Mimic 3: local neural text to speech engine

Mimic 3 is a neural text to speech (TTS) engine that can run locally on low-end hardware, and you can use it with the command line or with a web interface.

Requirements
- Software
- Hardware
Installation
Usage

Requirements

Software

Python 3.7+.
python3-pip (python-pip on Arch Linux).
virtualenv Python package (pip install virtualenv).
libespeak-ng1 (espeak-ng on Arch Linux).
Git.

Hardware

Mimic 3 can run on x86_64 (amd64) and ARM (arm64 and armv7l). A dedicated GPU is not required (I can use it on a laptop with Intel integrated graphics).

Installation

Clone the repository:

git clone https://github.com/MycroftAI/mimic3

Change directory to the downloaded repo:
```
cd mimic3
```
Run install.sh:
```
./install.sh
```

Mimic 3 can be installed in more ways. Check the official documentation.

Usage

Virtual environment

Mimic 3 is installed inside a virtual environment, so in order to use it, you need to enter into that environment:

source .venv/bin/activate

When you want to exit from the environment, run deactivate.

mimic3-server

A small HTTP server is available with a simple web interface. Enable it by running:

mimic3-server

Then, go to http://localhost:59125.

You can select the language and one of the available voices. Press Speak to process the text and listen the result. You can download the audio (WAV) by clicking on the three-dot button on the right.

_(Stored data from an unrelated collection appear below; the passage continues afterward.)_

lemma decs_enc_subformula:
  fixes \<phi> :: "('a, 'v) fml"
  assumes closed: "fv \<phi> = {}" and distinct_bv: "distinct (mus \<phi>)"
    and f_bv: "\<And>x k. (x, k) \<in> bv \<phi> \<Longrightarrow> f (x, k) = (br (sub_mu \<phi> x k) k, k)"
    and "q \<in> subs \<phi>"
    and "\<forall>(x, k)\<in>fv q. sub_mu \<phi> x k \<in> E"
    and "\<forall>x k r. Mu x k r \<in> subs q \<longrightarrow> Mu x k r \<notin> E"
  shows "(\<exists>\<psi>. decs br (enc \<phi>) q E \<psi>) \<and> (\<forall>\<psi>. decs br (enc \<phi>) q E \<psi> \<longrightarrow> eqf f q \<psi>)"
  using assms(4-)
proof (induction q arbitrary: E)
  case FF
  then show ?case
    by (auto simp: decs_no_trans trans_enc_from intro: eqf_ff)
next
  case (Or a b)
  have "a \<in> subs \<phi>" "b \<in> subs \<phi>"
    using subs_trans[OF Or.prems(1)] subs_refl by auto
  then have IH: "(\<exists>\<psi>. decs br (enc \<phi>) a E \<psi>) \<and> (\<forall>\<psi>. decs br (enc \<phi>) a E \<psi> \<longrightarrow> eqf f a \<psi>)"
    "(\<exists>\<psi>. decs br (enc \<phi>) b E \<psi>) \<and> (\<forall>\<psi>. decs br (enc \<phi>) b E \<psi> \<longrightarrow> eqf f b \<psi>)"
    by (intro Or.IH; use Or.prems in auto)+
  show ?case
  proof (cases "a = b")
    case True
    then have "{t \<in> trans (enc \<phi>). fst t = Or a b} = {(Or a b, LOr, a)}"
      using trans_enc_from[OF Or.prems(1)] by simp
    with IH True show ?thesis
      by (auto simp: decs_one_trans dect_LOr intro: eqf_idem_l)
  next
    case False
    then have "decs br (enc \<phi>) (Or a b) E \<psi> \<longleftrightarrow> (\<exists>q1 q2. decs br (enc \<phi>) a E q1 \<and>
        decs br (enc \<phi>) b E q2 \<and> (\<psi> = Or q1 q2 \<or> \<psi> = Or q2 q1))" for \<psi>
      using trans_enc_from[OF Or.prems(1)] by (simp add: decs_two_trans dect_LOr)
    with IH show ?thesis
      by (auto intro: eqf_or eqf_comm)
  qed
next
  case (Dia a r)
  have "r \<in> subs \<phi>"
    using subs_trans[OF Dia.prems(1)] subs_refl by auto
  with Dia.prems Dia.IH show ?case
    using trans_enc_from[OF Dia.prems(1)] by (auto simp: decs_one_trans dect_LDia intro: eqf_dia)
next
  case (Neg r)
  have "r \<in> subs \<phi>"
    using subs_trans[OF Neg.prems(1)] subs_refl by auto
  with Neg.prems Neg.IH show ?case
    using trans_enc_from[OF Neg.prems(1)] by (auto simp: decs_one_trans dect_LNeg intro: eqf_neg)
next
  case (Mu x k r)
  let ?M = "Mu x k r"
  have "r \<in> subs \<phi>"
    using subs_trans[OF Mu.prems(1)] subs_refl by auto
  have "sub_mu \<phi> x k = ?M"
    using Mu.prems(1) distinct_bv by (rule sub_mu_eq)
  then have f_x: "f (x, k) = (br ?M k, k)"
    using f_bv mus_if_Mu_in_subs[OF Mu.prems(1)] by (simp add: bv_def)
  have "?M \<notin> E"
    using Mu.prems(3) subs_refl by blast
  have "\<forall>(y, m)\<in>fv r. sub_mu \<phi> y m \<in> insert ?M E"
    using Mu.prems(2) \<open>sub_mu \<phi> x k = ?M\<close> by fastforce
  moreover have "\<forall>y m s. Mu y m s \<in> subs r \<longrightarrow> Mu y m s \<notin> insert ?M E"
    using Mu.prems(3) size_le_if_subs by fastforce
  ultimately have IH: "(\<exists>\<psi>. decs br (enc \<phi>) r (insert ?M E) \<psi>) \<and>
    (\<forall>\<psi>. decs br (enc \<phi>) r (insert ?M E) \<psi> \<longrightarrow> eqf f r \<psi>)"
    by (rule Mu.IH[OF \<open>r \<in> subs \<phi>\<close>])
  with \<open>?M \<notin> E\<close> f_x show ?case
    using trans_enc_from[OF Mu.prems(1)] by (auto simp: decs_one_trans dect_LMu intro: eqf_mu)
next
  case (Var x k)
  obtain r where "Mu x k r \<in> subs \<phi>"
    using Var_in_subs_free_or_bound[OF Var.prems(1)] closed by auto
  let ?M = "Mu x k r"
  have "sub_mu \<phi> x k = ?M"
    using \<open>?M \<in> subs \<phi>\<close> distinct_bv by (rule sub_mu_eq)
  then have f_x: "f (x, k) = (br ?M k, k)"
    using f_bv mus_if_Mu_in_subs[OF \<open>?M \<in> subs \<phi>\<close>] by (simp add: bv_def)
  have "?M \<in> E"
    using Var.prems(2) \<open>sub_mu \<phi> x k = ?M\<close> by simp
  then have "decs br (enc \<phi>) ?M E \<psi> \<longleftrightarrow> \<psi> = Var (br ?M k) k" for \<psi>
    using trans_enc_from[OF \<open>?M \<in> subs \<phi>\<close>] by (simp add: decs_one_trans dect_LMu)
  with f_x \<open>sub_mu \<phi> x k = ?M\<close> show ?case
    using trans_enc_from[OF Var.prems(1)] by (auto simp: decs_one_trans dect_LOr intro: eqf_var)
qed

theorem proposition2:
  fixes \<phi> :: "('a, 'v) fml"
    and br :: "('a, 'v) fml \<Rightarrow> nat \<Rightarrow> 'v"
    and f :: "'v \<times> nat \<Rightarrow> 'v \<times> nat"
  assumes br_inj: "\<And>k. inj (\<lambda>s. br s k)"
    and closed: "fv \<phi> = {}"
    and distinct_bv: "distinct (mus \<phi>)"
    and f_bij: "bij f"
    and f_bv: "\<And>x k. (x, k) \<in> bv \<phi> \<Longrightarrow> f (x, k) = (br (sub_mu \<phi> x k) k, k)"
  shows "(\<exists>\<psi>. decs br (enc \<phi>) \<phi> {} \<psi>) \<and>
         (\<forall>\<psi>. decs br (enc \<phi>) \<phi> {} \<psi> \<longrightarrow> eqf f \<phi> \<psi>)"
  by (rule decs_enc_subformula[OF closed distinct_bv f_bv subs_refl]) (simp_all add: closed)

end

Click on Advanced settings to change some engine parameters.

mimic3 CLI tool

Mimic 3 can also be used in a Terminal. Although the server application (mimic3-server) is not required, it’s recommended because the processing is faster (voices are only downloaded once). You can run mimic3-server on the background (mimic3-server &) to not use another Terminal tab (and enter the virtual environment again) for the CLI tool.

The command syntax is very simple:

mimic3 --remote --voice <voice> "Some text" > output.wav

--remote is only needed when you are running the server (on localhost). If the server is running on another server, add the server IP after --remote.
Output files are always WAV files.

Run mimic3 --voices for a list of available voices. For example, to use a spanish voice:

mimic3 --voice es_ES/carlfm_low "Texto en español" > tts.wav

When several speakers are available for each voice, add --speaker <name or number> (if not used, the first voice is selected):

mimic3 --remote --voice es_ES/m-ailabs_low --speaker karen_savage "Prueba de texto" > output.wav

Other available parameters are:

--play-program <program>: play the resulting audio with <program>. For example, to play the audio with play (from sox package), add --play-program play. Do not redirect the output to a file (> out.wav) or use the --output-dir parameter because you won’t hear anything.
--output-dir <DIR>: specify an output directory (e.g.: --output-dir ~/Music/). It’s the same as redirecting the output to <DIR>/<file> (> ~/Music/out.wav). Use it with --output-naming time to avoid naming the file as the input text.
--length-scale <number>: change the speaking rate (default 1, less than 1 for faster speak, more than 1 for slower speak). This is inverse to the Speaking rate option on the web interface.